El cromosoma bacteriano, es suficientemente largo como para formar varios lazos

circulares, que como tales pueden a su vez superenrollarse, formando de esta manera una
serie de dominios topológicos independientes. Esta organización en dominios, colabora al
estado de compactación general del genoma bacteriano, e impide que con la ruptura de una
hebra en un punto cualquiera del cromosoma, se pierda el total del superenrollamiento,
manteniendo de esta forma la energía almacenada.Las bacterias poseen enzimas capaces de
alterar la estructura del ADN modificando su superenrollamiento.

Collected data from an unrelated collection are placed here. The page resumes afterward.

lemma independent_strong_prod_pullback:
  assumes hom: "\<And>x x'. x \<in> verts G \<Longrightarrow> x' \<in> verts G \<Longrightarrow> adj G x x' \<Longrightarrow> adj G' (f x) (f x')"
    and I: "independent (strong_prod G' H) I"
  shows "independent (strong_prod G H) (SIGMA x:verts G. {y. (f x, y) \<in> I})"
  unfolding independent_def
proof (intro conjI ballI)
  show "(SIGMA x:verts G. {y. (f x, y) \<in> I}) \<subseteq> verts (strong_prod G H)"
    using I unfolding independent_def by auto
  fix u v assume "u \<in> (SIGMA x:verts G. {y. (f x, y) \<in> I})" "v \<in> (SIGMA x:verts G. {y. (f x, y) \<in> I})"
  then obtain x y x' y' where "u = (x, y)" "v = (x', y')" "x \<in> verts G" "x' \<in> verts G"
    "(f x, y) \<in> I" "(f x', y') \<in> I"
    by blast
  moreover have "\<not> adj (strong_prod G' H) (f x, y) (f x', y')"
    using I \<open>(f x, y) \<in> I\<close> \<open>(f x', y') \<in> I\<close> unfolding independent_def by blast
  ultimately show "\<not> adj (strong_prod G H) u v"
    using hom[of x x'] by auto
qed

lemma Ccc_lexic_prod:
  assumes "nontrivial_connected G" "nontrivial_connected H" "finite (verts G)" "finite (verts H)"
  shows "Ccc (lexic_prod G H) = independence_number G * independence_number H"
  using assms Ccc_lexic_prod_eq_independence_number independence_number_lexic_prod by metis

lemma Ccc_strong_prod_clique_cover:
  assumes "nontrivial_connected G" "nontrivial_connected H" "finite (verts G)" "finite (verts H)"
    and "has_clique_cover G (independence_number G)"
  shows "Ccc (strong_prod G H) = independence_number G * independence_number H"
  using assms Ccc_strong_prod_eq_independence_number independence_number_strong_prod by metis

section \<open>Complete graphs, cycles and paths\<close>

lemma verts_Kg [simp]: "verts (Kg n) = {0..<n}"
  by (simp add: Kg_def verts_def)

lemma adj_Kg [simp]: "adj (Kg n) a b \<longleftrightarrow> a < n \<and> b < n \<and> a \<noteq> b"
  by (simp add: Kg_def adj_def)

lemma verts_Cg [simp]: "verts (Cg n) = {0..<n}"
  by (simp add: Cg_def verts_def)

lemma adj_Cg [simp]:
  "adj (Cg n) a b \<longleftrightarrow> a < n \<and> b < n \<and> a \<noteq> b \<and> (b = (a + 1) mod n \<or> a = (b + 1) mod n)"
  by (simp add: Cg_def adj_def)
(* Fix a state $x^\circ\in\mathsf{X}$ and let $\tau_{x^\circ}=\min\{t\ge1: X(t)=x^\circ\}$. Suppose the relative value function $h^*$ admits the stochastic shortest path (SSP) representation \[ h^*(x)=\min_{U}\mathsf{E}_x\Bigl[\sum_{t=0}^{\tau_{x^\circ}-1}\bigl(c(X(t),U(t))-\eta^*\bigr)\Bigr], \] with the minimum attained by an optimal stationary policy $\phi^*$ that is $(c,h^* )$-myopic. Let $h\colon\mathsf{X}\to\mathbb{R}$, let $\eta\in\mathbb{R}_+$, let $\mathcal{E}_B$ be the Bellman error of $h$ and $c^h(x,u)=c(x,u)-\mathcal{E}_B(x)+\eta$ the perturbed cost, and suppose $h$ admits the SSP representation \[ h(x)=\min_{U}\mathsf{E}_x\Bigl[\sum_{t=0}^{\tau_{x^\circ}-1}\bigl(c^h(X(t),U(t))-\eta\bigr)\Bigr], \] where the minimizing policy is the $(c^h,h)$-myopic policy $\phi^h$ (equivalently the $(c,h)$-myopic policy). Then the direct error $\mathcal{E}_d(x)=h^*(x)-h(x)$ satisfies, for each $x\in\mathsf{X}$, \[ \mathsf{E}^{\phi^*}_x\Bigl[\sum_{t=0}^{\tau_{x^\circ}-1}\bigl(\mathcal{E}_B(X(t))-\eta^*\bigr)\Bigr]\le \mathcal{E}_d(x)\le \mathsf{E}^{\phi^h}_x\Bigl[\sum_{t=0}^{\tau_{x^\circ}-1}\bigl(\mathcal{E}_B(X(t))-\eta^*\bigr)\Bigr], \] where $\mathsf{E}^\phi_x$ denotes expectation for the controlled chain started at $x$ under the stationary policy $\phi$.
   Context: MDP model: state space $\mathsf{X}\subseteq\mathbb{R}^\ell$, action space $\mathsf{U}\subseteq\mathbb{R}^{\ell_u}$, feasible action sets $\mathsf{U}(x)$, i.i.d. disturbance $W$ on $\mathbb{R}^w$, dynamics $X(t+1)=X(t)+f(X(t),U(t),W(t+1))$. Generator $\mathcal{D}_u h(x)=\mathsf{E}[h(x+f(x,u,W(1)))]-h(x)$. Cost $c\colon\mathsf{X}\times\mathsf{U}\to\mathbb{R}_+$. The average cost of an input sequence $U$ from $x$ is $\limsup_{n\to\infty}\frac1n\sum_{t=0}^{n-1}\mathsf{E}_x[c(X(t),U(t))]$; $\eta^*$ denotes its infimum over all input sequences, assumed independent of $x$. The relative value function $h^*$ and $\eta^*$ satisfy the average cost optimality equation $\min_{u\in\mathsf{U}(x)}(c(x,u)+\mathcal{D}_u h^*(x))=\eta^*$. For a function $g$, a $(c,g)$-myopic policy is any $\phi^g(x)\in\arg\min_{u\in\mathsf{U}(x)}(c(x,u)+\mathcal{D}_u g(x))$. For a function $h$, its Bellman error is $\mathcal{E}_B(x)=\min_{u\in\mathsf{U}(x)}(c(x,u)+\mathcal{D}_u h(x))$. *)

theory Defs
  imports "HOL-Probability.Probability"
begin

text \<open>Probability space of the i.i.d. disturbance sequence: \<open>\<omega> t\<close> plays the role of \<open>W(t+1)\<close>.\<close>
definition noise_space :: "'w measure \<Rightarrow> (nat \<Rightarrow> 'w) measure" where
  "noise_space \<mu> = PiM UNIV (\<lambda>_::nat. \<mu>)"

primrec traj :: "('x::plus \<Rightarrow> 'u \<Rightarrow> 'w \<Rightarrow> 'x) \<Rightarrow> 'x \<Rightarrow> (nat \<Rightarrow> (nat \<Rightarrow> 'w) \<Rightarrow> 'u)
    \<Rightarrow> nat \<Rightarrow> (nat \<Rightarrow> 'w) \<Rightarrow> 'x" where
  "traj f x U 0 \<omega> = x"
| "traj f x U (Suc t) \<omega> = traj f x U t \<omega> + f (traj f x U t \<omega>) (U t \<omega>) (\<omega> t)"

primrec straj :: "('x::plus \<Rightarrow> 'u \<Rightarrow> 'w \<Rightarrow> 'x) \<Rightarrow> 'x \<Rightarrow> ('x \<Rightarrow> 'u)
    \<Rightarrow> nat \<Rightarrow> (nat \<Rightarrow> 'w) \<Rightarrow> 'x" where
  "straj f x \<phi> 0 \<omega> = x"
| "straj f x \<phi> (Suc t) \<omega> = straj f x \<phi> t \<omega> + f (straj f x \<phi> t \<omega>) (\<phi> (straj f x \<phi> t \<omega>)) (\<omega> t)"

definition stat_input :: "('x::plus \<Rightarrow> 'u \<Rightarrow> 'w \<Rightarrow> 'x) \<Rightarrow> 'x \<Rightarrow> ('x \<Rightarrow> 'u)
    \<Rightarrow> nat \<Rightarrow> (nat \<Rightarrow> 'w) \<Rightarrow> 'u" where
  "stat_input f x \<phi> t \<omega> = \<phi> (straj f x \<phi> t \<omega>)"

text \<open>Admissible (non-anticipative, measurable, feasible) input sequences from initial state \<open>x\<close>:
  \<open>U(t)\<close> depends only on \<open>W(1),\<dots>,W(t)\<close>, i.e. on \<open>\<omega> 0, \<dots>, \<omega> (t-1)\<close>.\<close>
definition admissible :: "('x::plus \<Rightarrow> 'u::topological_space \<Rightarrow> 'w \<Rightarrow> 'x) \<Rightarrow> 'w measure
    \<Rightarrow> ('x \<Rightarrow> 'u set) \<Rightarrow> 'x \<Rightarrow> (nat \<Rightarrow> (nat \<Rightarrow> 'w) \<Rightarrow> 'u) \<Rightarrow> bool" where
  "admissible f \<mu> Uf x U \<longleftrightarrow>
     (\<forall>t. U t \<in> borel_measurable (noise_space \<mu>)) \<and>
     (\<forall>t \<omega> \<omega>'. (\<forall>i<t. \<omega> i = \<omega>' i) \<longrightarrow> U t \<omega> = U t \<omega>') \<and>
     (AE \<omega> in noise_space \<mu>. \<forall>t. U t \<omega> \<in> Uf (traj f x U t \<omega>))"

definition gen :: "('x::plus \<Rightarrow> 'u \<Rightarrow> 'w \<Rightarrow> 'x) \<Rightarrow> 'w measure \<Rightarrow> 'u \<Rightarrow> ('x \<Rightarrow> real) \<Rightarrow> 'x \<Rightarrow> real" where
  "gen f \<mu> u h x = (\<integral>w. h (x + f x u w) \<partial>\<mu>) - h x"

definition bellman_error :: "('x::plus \<Rightarrow> 'u \<Rightarrow> 'w \<Rightarrow> 'x) \<Rightarrow> 'w measure \<Rightarrow> ('x \<Rightarrow> 'u set)
    \<Rightarrow> ('x \<Rightarrow> 'u \<Rightarrow> real) \<Rightarrow> ('x \<Rightarrow> real) \<Rightarrow> 'x \<Rightarrow> real" where
  "bellman_error f \<mu> Uf c h x = (INF u \<in> Uf x. c x u + gen f \<mu> u h x)"

definition myopic :: "('x::plus \<Rightarrow> 'u \<Rightarrow> 'w \<Rightarrow> 'x) \<Rightarrow> 'w measure \<Rightarrow> 'x set \<Rightarrow> ('x \<Rightarrow> 'u set)
    \<Rightarrow> ('x \<Rightarrow> 'u \<Rightarrow> real) \<Rightarrow> ('x \<Rightarrow> real) \<Rightarrow> ('x \<Rightarrow> 'u) \<Rightarrow> bool" where
  "myopic f \<mu> Xs Uf c g \<phi> \<longleftrightarrow>
     (\<forall>x\<in>Xs. \<phi> x \<in> Uf x \<and>
        (\<forall>u\<in>Uf x. c x (\<phi> x) + gen f \<mu> (\<phi> x) g x \<le> c x u + gen f \<mu> u g x))"

definition avg_cost :: "('x::plus \<Rightarrow> 'u \<Rightarrow> 'w \<Rightarrow> 'x) \<Rightarrow> 'w measure \<Rightarrow> ('x \<Rightarrow> 'u \<Rightarrow> real)
    \<Rightarrow> 'x \<Rightarrow> (nat \<Rightarrow> (nat \<Rightarrow> 'w) \<Rightarrow> 'u) \<Rightarrow> ereal" where
  "avg_cost f \<mu> c x U = limsup (\<lambda>n::nat. ereal (1 / real n) *
      (\<Sum>t<n. enn2ereal (\<integral>\<^sup>+ \<omega>. ennreal (c (traj f x U t \<omega>) (U t \<omega>)) \<partial>noise_space \<mu>)))"

text \<open>Return time \<open>\<tau>_{x\<degree>} = min{t \<ge> 1 : X(t) = x\<degree>}\<close> (only meaningful on paths that return).\<close>
definition returns :: "('x::plus \<Rightarrow> 'u \<Rightarrow> 'w \<Rightarrow> 'x) \<Rightarrow> 'x \<Rightarrow> 'x \<Rightarrow> (nat \<Rightarrow> (nat \<Rightarrow> 'w) \<Rightarrow> 'u)
    \<Rightarrow> (nat \<Rightarrow> 'w) \<Rightarrow> bool" where
  "returns f x xo U \<omega> \<longleftrightarrow> (\<exists>t\<ge>1. traj f x U t \<omega> = xo)"

definition hit_time :: "('x::plus \<Rightarrow> 'u \<Rightarrow> 'w \<Rightarrow> 'x) \<Rightarrow> 'x \<Rightarrow> 'x \<Rightarrow> (nat \<Rightarrow> (nat \<Rightarrow> 'w) \<Rightarrow> 'u)
    \<Rightarrow> (nat \<Rightarrow> 'w) \<Rightarrow> nat" where
  "hit_time f x xo U \<omega> = (LEAST t. 1 \<le> t \<and> traj f x U t \<omega> = xo)"

definition ssp_sum :: "('x::plus \<Rightarrow> 'u \<Rightarrow> 'w \<Rightarrow> 'x) \<Rightarrow> 'x \<Rightarrow> 'x \<Rightarrow> (nat \<Rightarrow> (nat \<Rightarrow> 'w) \<Rightarrow> 'u)
    \<Rightarrow> ('x \<Rightarrow> 'u \<Rightarrow> real) \<Rightarrow> (nat \<Rightarrow> 'w) \<Rightarrow> real" where
  "ssp_sum f x xo U g \<omega> = (\<Sum>t < hit_time f x xo U \<omega>. g (traj f x U t \<omega>) (U t \<omega>))"

definition ssp_ok :: "('x::plus \<Rightarrow> 'u::topological_space \<Rightarrow> 'w \<Rightarrow> 'x) \<Rightarrow> 'w measure \<Rightarrow> ('x \<Rightarrow> 'u set)
    \<Rightarrow> 'x \<Rightarrow> 'x \<Rightarrow> ('x \<Rightarrow> 'u \<Rightarrow> real) \<Rightarrow> (nat \<Rightarrow> (nat \<Rightarrow> 'w) \<Rightarrow> 'u) \<Rightarrow> bool" where
  "ssp_ok f \<mu> Uf x xo g U \<longleftrightarrow> admissible f \<mu> Uf x U \<and>
     (AE \<omega> in noise_space \<mu>. returns f x xo U \<omega>) \<and>
     integrable (noise_space \<mu>) (ssp_sum f x xo U g)"

definition ssp_exp :: "('x::plus \<Rightarrow> 'u \<Rightarrow> 'w \<Rightarrow> 'x) \<Rightarrow> 'w measure \<Rightarrow> 'x \<Rightarrow> 'x
    \<Rightarrow> ('x \<Rightarrow> 'u \<Rightarrow> real) \<Rightarrow> (nat \<Rightarrow> (nat \<Rightarrow> 'w) \<Rightarrow> 'u) \<Rightarrow> real" where
  "ssp_exp f \<mu> x xo g U = (\<integral>\<omega>. ssp_sum f x xo U g \<omega> \<partial>noise_space \<mu>)"

definition ssp_rep :: "('x::plus \<Rightarrow> 'u::topological_space \<Rightarrow> 'w \<Rightarrow> 'x) \<Rightarrow> 'w measure \<Rightarrow> 'x set
    \<Rightarrow> ('x \<Rightarrow> 'u set) \<Rightarrow> 'x \<Rightarrow> ('x \<Rightarrow> 'u \<Rightarrow> real) \<Rightarrow> ('x \<Rightarrow> real) \<Rightarrow> ('x \<Rightarrow> 'u) \<Rightarrow> bool" where
  "ssp_rep f \<mu> Xs Uf xo g v \<phi> \<longleftrightarrow>
     (\<forall>x\<in>Xs. ssp_ok f \<mu> Uf x xo g (stat_input f x \<phi>) \<and>
        v x = ssp_exp f \<mu> x xo g (stat_input f x \<phi>) \<and>
        (\<forall>U. ssp_ok f \<mu> Uf x xo g U \<longrightarrow> v x \<le> ssp_exp f \<mu> x xo g U))"

end

theory Submission
  imports Defs
begin

text \<open>The SSP cost functions of \<open>h\<^sup>*\<close> and \<open>h\<close> differ exactly by \<open>\<E>\<^sub>B - \<eta>\<^sup>*\<close>.
  Feeding the optimal policy of one SSP problem into the other, whose value it can only
  overestimate, and splitting the random sum by linearity gives the two bounds on
  \<open>h\<^sup>* - h\<close>. Only the two SSP representations and the integrability of the error sums
  are used.\<close>

lemma ssp_sum_add:
  "ssp_sum f x xo U (\<lambda>y u. g y u + d y u) \<omega> = ssp_sum f x xo U g \<omega> + ssp_sum f x xo U d \<omega>"
  unfolding ssp_sum_def by (simp add: sum.distrib)

lemma ssp_sum_uminus:
  "ssp_sum f x xo U (\<lambda>y u. - g y u) \<omega> = - ssp_sum f x xo U g \<omega>"
  unfolding ssp_sum_def by (simp add: sum_negf)

lemma ssp_exp_uminus:
  "ssp_exp f \<mu> x xo (\<lambda>y u. - g y u) U = - ssp_exp f \<mu> x xo g U"
  unfolding ssp_exp_def ssp_sum_uminus by simp

lemma ssp_ok_add:
  assumes "ssp_ok f \<mu> Uf x xo g U" "integrable (noise_space \<mu>) (ssp_sum f x xo U d)"
  shows "ssp_ok f \<mu> Uf x xo (\<lambda>y u. g y u + d y u) U"
  using assms unfolding ssp_ok_def ssp_sum_add by auto

lemma ssp_exp_add:
  assumes "ssp_ok f \<mu> Uf x xo g U" "integrable (noise_space \<mu>) (ssp_sum f x xo U d)"
  shows "ssp_exp f \<mu> x xo (\<lambda>y u. g y u + d y u) U = ssp_exp f \<mu> x xo g U + ssp_exp f \<mu> x xo d U"
  using assms unfolding ssp_ok_def ssp_exp_def ssp_sum_add by simp

lemma ssp_rep_le_add_ssp_exp:
  assumes v: "ssp_rep f \<mu> Xs Uf xo g v \<phi>"
    and w: "ssp_rep f \<mu> Xs Uf xo g' w \<psi>"
    and g': "\<And>y u. g' y u = g y u + d y u"
    and x: "x \<in> Xs"
    and d_int: "integrable (noise_space \<mu>) (ssp_sum f x xo (stat_input f x \<phi>) d)"
  shows "w x \<le> v x + ssp_exp f \<mu> x xo d (stat_input f x \<phi>)"
proof -
  let ?U = "stat_input f x \<phi>"
  have g'_eq: "g' = (\<lambda>y u. g y u + d y u)" using g' by blast
  have ok: "ssp_ok f \<mu> Uf x xo g ?U" and v_x: "v x = ssp_exp f \<mu> x xo g ?U"
    using v x unfolding ssp_rep_def by blast+
  have "w x \<le> ssp_exp f \<mu> x xo g' ?U"
    using w x ssp_ok_add[OF ok d_int] unfolding ssp_rep_def g'_eq by blast
  also have "\<dots> = v x + ssp_exp f \<mu> x xo d ?U"
    unfolding g'_eq v_x using ssp_exp_add[OF ok d_int] .
  finally show ?thesis .
qed

theorem proposition2:
  fixes f :: "'x::euclidean_space \<Rightarrow> 'u::euclidean_space \<Rightarrow> 'w::euclidean_space \<Rightarrow> 'x"
    and \<mu> :: "'w measure" and Xs :: "'x set" and Uf :: "'x \<Rightarrow> 'u set"
    and c :: "'x \<Rightarrow> 'u \<Rightarrow> real"
    and xo :: 'x and hstar h :: "'x \<Rightarrow> real" and etastar eta :: real
    and phistar phih :: "'x \<Rightarrow> 'u"
  assumes W: "prob_space \<mu>" "sets \<mu> = sets borel"
    and f_meas: "(\<lambda>(x, u, w). f x u w) \<in> borel_measurable borel"
    and closed: "\<And>x u. x \<in> Xs \<Longrightarrow> u \<in> Uf x \<Longrightarrow> AE w in \<mu>. x + f x u w \<in> Xs"
    and c_meas: "(\<lambda>(x, u). c x u) \<in> borel_measurable borel"
    and c_nonneg: "\<And>x u. x \<in> Xs \<Longrightarrow> u \<in> Uf x \<Longrightarrow> 0 \<le> c x u"
    and xo: "xo \<in> Xs"
    and etastar_opt: "\<And>x. x \<in> Xs \<Longrightarrow>
          ereal etastar = (INF U \<in> {U. admissible f \<mu> Uf x U}. avg_cost f \<mu> c x U)"
    and hstar_meas: "hstar \<in> borel_measurable borel"
    and hstar_int: "\<And>x u. x \<in> Xs \<Longrightarrow> u \<in> Uf x \<Longrightarrow> integrable \<mu> (\<lambda>w. hstar (x + f x u w))"
    and ACOE: "\<And>x. x \<in> Xs \<Longrightarrow> bellman_error f \<mu> Uf c hstar x = etastar"
    and phistar_myopic: "myopic f \<mu> Xs Uf c hstar phistar"
    and hstar_ssp: "ssp_rep f \<mu> Xs Uf xo (\<lambda>x u. c x u - etastar) hstar phistar"
    and h_meas: "h \<in> borel_measurable borel"
    and h_int: "\<And>x u. x \<in> Xs \<Longrightarrow> u \<in> Uf x \<Longrightarrow> integrable \<mu> (\<lambda>w. h (x + f x u w))"
    and eta: "0 \<le> eta"
    and phih_myopic: "myopic f \<mu> Xs Uf
          (\<lambda>x u. c x u - bellman_error f \<mu> Uf c h x + eta) h phih"
    and h_ssp: "ssp_rep f \<mu> Xs Uf xo
          (\<lambda>x u. (c x u - bellman_error f \<mu> Uf c h x + eta) - eta) h phih"
    and welldef_star: "\<And>x. x \<in> Xs \<Longrightarrow> integrable (noise_space \<mu>)
          (ssp_sum f x xo (stat_input f x phistar) (\<lambda>y u. bellman_error f \<mu> Uf c h y - etastar))"
    and welldef_h: "\<And>x. x \<in> Xs \<Longrightarrow> integrable (noise_space \<mu>)
          (ssp_sum f x xo (stat_input f x phih) (\<lambda>y u. bellman_error f \<mu> Uf c h y - etastar))"
    and x: "x \<in> Xs"
  shows "ssp_exp f \<mu> x xo (\<lambda>y u. bellman_error f \<mu> Uf c h y - etastar) (stat_input f x phistar)
           \<le> hstar x - h x
       \<and> hstar x - h x
           \<le> ssp_exp f \<mu> x xo (\<lambda>y u. bellman_error f \<mu> Uf c h y - etastar) (stat_input f x phih)"
proof
  let ?err = "\<lambda>y u. bellman_error f \<mu> Uf c h y - etastar"
  have "h x \<le> hstar x + ssp_exp f \<mu> x xo (\<lambda>y u. - ?err y u) (stat_input f x phistar)"
  proof (rule ssp_rep_le_add_ssp_exp[OF hstar_ssp h_ssp _ x])
    show "integrable (noise_space \<mu>) (ssp_sum f x xo (stat_input f x phistar) (\<lambda>y u. - ?err y u))"
      unfolding ssp_sum_uminus using welldef_star[OF x] by (rule integrable_minus)
  qed simp
  then show "ssp_exp f \<mu> x xo ?err (stat_input f x phistar) \<le> hstar x - h x"
    unfolding ssp_exp_uminus by simp
  have "hstar x \<le> h x + ssp_exp f \<mu> x xo ?err (stat_input f x phih)"
    by (rule ssp_rep_le_add_ssp_exp[OF h_ssp hstar_ssp _ x welldef_h[OF x]]) simp
  then show "hstar x - h x \<le> ssp_exp f \<mu> x xo ?err (stat_input f x phih)"
    by simp
qed

end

Estas enzimas que se denominan genéricamente "topoisomerasas", actúan introduciendo o

eliminando vueltas “superhelicoidales”, cumpliendo un importante rol en los procesos de
replicación y transcripción del ADN. Por otra parte, es interesante mencionar que algunas
de estas topoisomerasas, como la ADN girasa, son blanco de acción para los antibióticos
del grupo de las quinolonas, como el ácido nalidíxico.

MUTACION
En el ADN

Una mutación es un cambio heredable en la secuencia de bases de los ácidos nucleícos que
constituyen el genoma de un organismo, que ocurren en condiciones naturales con una muy
baja frecuencia y se deben fundamentalmente a errores en los procesos de replicación del
ADN.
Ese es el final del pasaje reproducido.